Until the response from the publishing house arrived. They enjoyed my proposal! They thought that it was timely and well-written. So...were they going to publish my book? Or were we at least going to have a meeting to discuss it? Absolutely not, and the reason for that was one they were not shy to share with me: "as book sales now happen online, we require all authors to have a strong personal platform."

I can't say I wasn't expecting this response, mainly because I've heard it before. Years ago, before my debut book Vegan Style was published, my then-agent was inundated with reactions like this when she sent my proposal out to her contacts. When I pitched the book on my own, I was often met with the same answer. For a long time, it seemed that Vegan Style might not see the light of day unless I somehow came up with the money to publish it myself. Luckily, it didn't come that - in the end, I got two offers from amazing publishers, and ended up going with the fabulous Murdoch Books, who then also sold the book on the Simon & Schuster imprint Tiller Press in the US. So, all is well that ends well.

But seeing this very honest response yet again made me ponder the act of being on social media. I remember when I first started blogging in 2006 - it was among the most fun things I've ever done. I was part of a blogging network in Italy, writing one of the most popular blogs on the site. Later, I ended up getting a professional blogging contract with the now-closed Cosmopolitan Sweden, where I wrote about "my glamorous life as a fashion editor in Milan", cleverly obscuring the fact that my 'glamorous' days were spent standing awkwardly in fancy showrooms, contorting my feet to hide the worn-out patches on my cheap fast-fashion shoes and dodging coworker conversations on where to go for the holidays - Paris or the Maldives, what a dilemma! - as my plans for the holidays mostly involved traipsing around Milan on my own with no money while my then-boyfriend-now-husband worked double shifts. Already then, I had gotten the hang of faking things for the blog. After all, who wanted to read about a fashion editor who wasn't able to afford sample sales?

When Instagram came along, it became my way of convincing myself. Whenever I couldn't afford something (which was all the time), or when I'd had a fight with my boyfriend, I posted something - a sunset, a pretty view of Milan, a blurry snapshot of me in my favourite dress petting a street cat - to make myself feel better. To persuade myself (and possibly others, but above all myself) that my life was full of beautiful moments. Which it was. But that wasn't the full story, and hiding the ugliness of life behind the alluring sheen of Instagram became a drug I couldn't wean myself from.

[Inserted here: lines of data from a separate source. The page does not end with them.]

(* Let $\boldsymbol{\Theta}_{\mathrm{u}}\subseteq\Theta^N$ contain the true model $\boldsymbol{\theta}^*=(\theta_1^*,\ldots,\theta_N^* )$, let $\eta\le1/(N^2K^2H^2)$ and let UMT-PSR be run with margin $\beta^{(N)}=c\log\big(\mathcal{N}_\eta(\boldsymbol{\Theta}_{\mathrm{u}})NKH/\delta\big)$ for a suitable absolute constant $c$. Then with probability at least $1-\delta$, for every $k\in[K]$ and every $\hat{\boldsymbol{\theta}}=(\hat\theta_1,\ldots,\hat\theta_N)\in\boldsymbol{\mathcal{B}}_k$, \[\sum_{n\le N}\sum_{t\le k-1}\sum_{h\le H}\mathtt{D}_{\mathtt{H}}^2\big(\mathbb{P}^{\nu_h^{\pi^{n,t}}}_{\hat\theta_n},\mathbb{P}^{\nu_h^{\pi^{n,t}}}_{\theta_n^*}\big)\le2\beta^{(N)}.\]
   Context: Setting: finite $\mathcal{O},\mathcal{A}$, horizon $H$; trajectories $\tau_H=(o_1,a_1,\ldots,o_H,a_H)$; policies $\pi$ with $a_h\sim\pi_h(\cdot\mid\tau_{h-1},o_h)$, $\Pi$ the set of all policies, $\pi(\tau_h)=\prod_{t\le h}\pi(a_t\mid o_t,\tau_{t-1})$; $\mathbb{P}^\pi_\theta$ is the trajectory law of model $\theta$ under $\pi$. $\Theta$ is the set of rank-$r$, $\gamma$-well-conditioned predictive state representations (PSRs); task $n$ has core action sequence sets $\mathcal{Q}_h^{n,A}\subset\mathcal{A}^{H-h}$. $\mathtt{D}_{\mathtt{TV}}(\mathbb{P},\mathbb{Q})=\sum_x|\mathbb{P}(x)-\mathbb{Q}(x)|$; $\mathtt{D}_{\mathtt{H}}^2(\mathbb{P},\mathbb{Q})=1-\sum_x\sqrt{\mathbb{P}(x)\mathbb{Q}(x)}$. Bracketing number: for $\mathbf{l},\mathbf{g}:(\mathcal{O}\times\mathcal{A})^H\to\mathbb{R}_+^N$, the bracket $[\mathbf{l},\mathbf{g}]$ is the set of class members $\mathbf{f}$ with $\mathbf{l}\le\mathbf{f}\le\mathbf{g}$; an $\eta$-bracket has $\max_i\max_{\pi_i}\sum_{\tau_H}|l_i-g_i|(\tau_H)\pi_i(\tau_H)<\eta$; $\mathcal{N}_\eta(\boldsymbol{\Theta}_{\mathrm{u}})$ is the minimal number of $\eta$-brackets covering $\{(\mathbb{P}_{\theta_1},\ldots,\mathbb{P}_{\theta_N}):\boldsymbol{\theta}\in\boldsymbol{\Theta}_{\mathrm{u}}\}$. Algorithm UMT-PSR: $\boldsymbol{\mathcal{B}}_1=\boldsymbol{\Theta}_{\mathrm{u}}$; for $k=1,\ldots,K$: $\boldsymbol{\pi}^k\in\arg\max_{\boldsymbol{\pi}\in\Pi^N}\max_{\boldsymbol{\theta},\boldsymbol{\theta}'\in\boldsymbol{\mathcal{B}}_k}\sum_n\mathtt{D}_{\mathtt{TV}}(\mathbb{P}^{\pi^n}_{\theta_n},\mathbb{P}^{\pi^n}_{\theta'_n})$; for each $(n,h)$ draw $\tau_H^{n,k,h}\sim\mathbb{P}^{\nu_h^{\pi^{n,k}}}_{\theta_n^*}$, where $\nu_h^{\pi^{n,k}}$ follows $\pi^{n,k}$ for $h-1$ steps, takes a uniform action at step $h$, then plays a uniformly random core action sequence from $\mathcal{Q}_h^{n,A}$; then $\boldsymbol{\mathcal{B}}_{k+1}=\{\boldsymbol{\theta}\in\boldsymbol{\Theta}_{\mathrm{u}}:\sum_{t\le k,h,n}\log\mathbb{P}^{\nu_h^{\pi^{n,t}}}_{\theta_n}(\tau_H^{n,t,h})\ge\max_{\boldsymbol{\theta}'\in\boldsymbol{\Theta}_{\mathrm{u}}}\sum_{t\le k,h,n}\log\mathbb{P}^{\nu_h^{\pi^{n,t}}}_{\theta'_n}(\tau_H^{n,t,h})-\beta^{(N)}\}\cap\boldsymbol{\mathcal{B}}_k$. *)

theory Defs
  imports "HOL-Probability.Probability"
begin

(* Observations and actions are natural numbers ranging over finite carriers Obs and Act.
   Act trajectory prefix tau_h = (o_1,a_1,...,o_h,a_h) is a list of (ob,a) pairs in chronological order. *)
type_synonym hist = "(nat \<times> nat) list"

(* A (general sequential) model: law of the next observation o_{h+1} given the history tau_h. *)
type_synonym model = "hist \<Rightarrow> nat pmf"

(* A policy: law of a_h given (tau_{h-1}, o_h). *)
type_synonym policy = "hist \<Rightarrow> nat \<Rightarrow> nat pmf"

definition trajs :: "nat set \<Rightarrow> nat set \<Rightarrow> nat \<Rightarrow> hist set" where
  "trajs Obs Act H = {xs. length xs = H \<and> set xs \<subseteq> Obs \<times> Act}"

definition policies :: "nat set \<Rightarrow> policy set" where
  "policies Act = {\<pi>. \<forall>hs ob. set_pmf (\<pi> hs ob) \<subseteq> Act}"

definition valid_models :: "nat set \<Rightarrow> model set" where
  "valid_models Obs = {\<theta>. \<forall>hs. set_pmf (\<theta> hs) \<subseteq> Obs}"

fun traj :: "nat \<Rightarrow> model \<Rightarrow> policy \<Rightarrow> hist \<Rightarrow> hist pmf" where
  "traj 0 \<theta> \<pi> hs = return_pmf hs"
| "traj (Suc m) \<theta> \<pi> hs =
     bind_pmf (\<theta> hs) (\<lambda>ob. bind_pmf (\<pi> hs ob) (\<lambda>a. traj m \<theta> \<pi> (hs @ [(ob, a)])))"

definition Plaw :: "nat \<Rightarrow> model \<Rightarrow> policy \<Rightarrow> hist pmf" where
  "Plaw H \<theta> \<pi> = traj H \<theta> \<pi> []"

definition obsprob :: "model \<Rightarrow> hist \<Rightarrow> real" where
  "obsprob \<theta> \<tau> = (\<Prod>t<length \<tau>. pmf (\<theta> (take t \<tau>)) (fst (\<tau> ! t)))"

definition polprob :: "policy \<Rightarrow> hist \<Rightarrow> real" where
  "polprob \<pi> \<tau> = (\<Prod>t<length \<tau>. pmf (\<pi> (take t \<tau>) (fst (\<tau> ! t))) (snd (\<tau> ! t)))"

definition DTV :: "nat set \<Rightarrow> nat set \<Rightarrow> nat \<Rightarrow> hist pmf \<Rightarrow> hist pmf \<Rightarrow> real" where
  "DTV Obs Act H p q = (\<Sum>x\<in>trajs Obs Act H. \<bar>pmf p x - pmf q x\<bar>)"

definition DH2 :: "nat set \<Rightarrow> nat set \<Rightarrow> nat \<Rightarrow> hist pmf \<Rightarrow> hist pmf \<Rightarrow> real" where
  "DH2 Obs Act H p q = 1 - (\<Sum>x\<in>trajs Obs Act H. sqrt (pmf p x * pmf q x))"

But there was more to the story than just carefully curated highlight reels: somewhere along the lines, Instagram became (or was it always intended to be?) an advertising tool. The algorithm made its unfortunate entrance, once and for all transforming social media from a place of connection to a competitive space where all that mattered was that number appearing next to your profile photo: how many people have YOU managed to convince that you’re worth admiring? How many people would buy what you’re selling (and you have to be selling something, otherwise why are you even on here)? In short, how big is your personal platform? Almost overnight, a “personal platform” became A Thing, and unless you had one, you might just as well delete your account.

Today still, in a bizarre dynamic, all that matters about this personal platform is how big it is. Nothing else about it appears to be relevant: who are the people following you? What’s their age, location, gender? What are their interests? Why have they chosen to follow you? A lot can be said about a group of people beyond just its size, but increasingly in our digital society, the sad reality seems to be not only that size matters - but that it’s the only thing that does.

Recently, I listened to a podcast episode where one of my favourite writers was interviewed. This woman is an absolute powerhouse. She is the only writer in her chosen niche to talk about the topics she does, and she dissects them so ruthlessly and brilliantly that I’m left speechless almost every time I read one of her texts. Writing truly is her calling, and her niche is blessed to have her in it. So it was disappointing to hear that when she sent out her book proposal, the response was that...she needed more Instagram followers.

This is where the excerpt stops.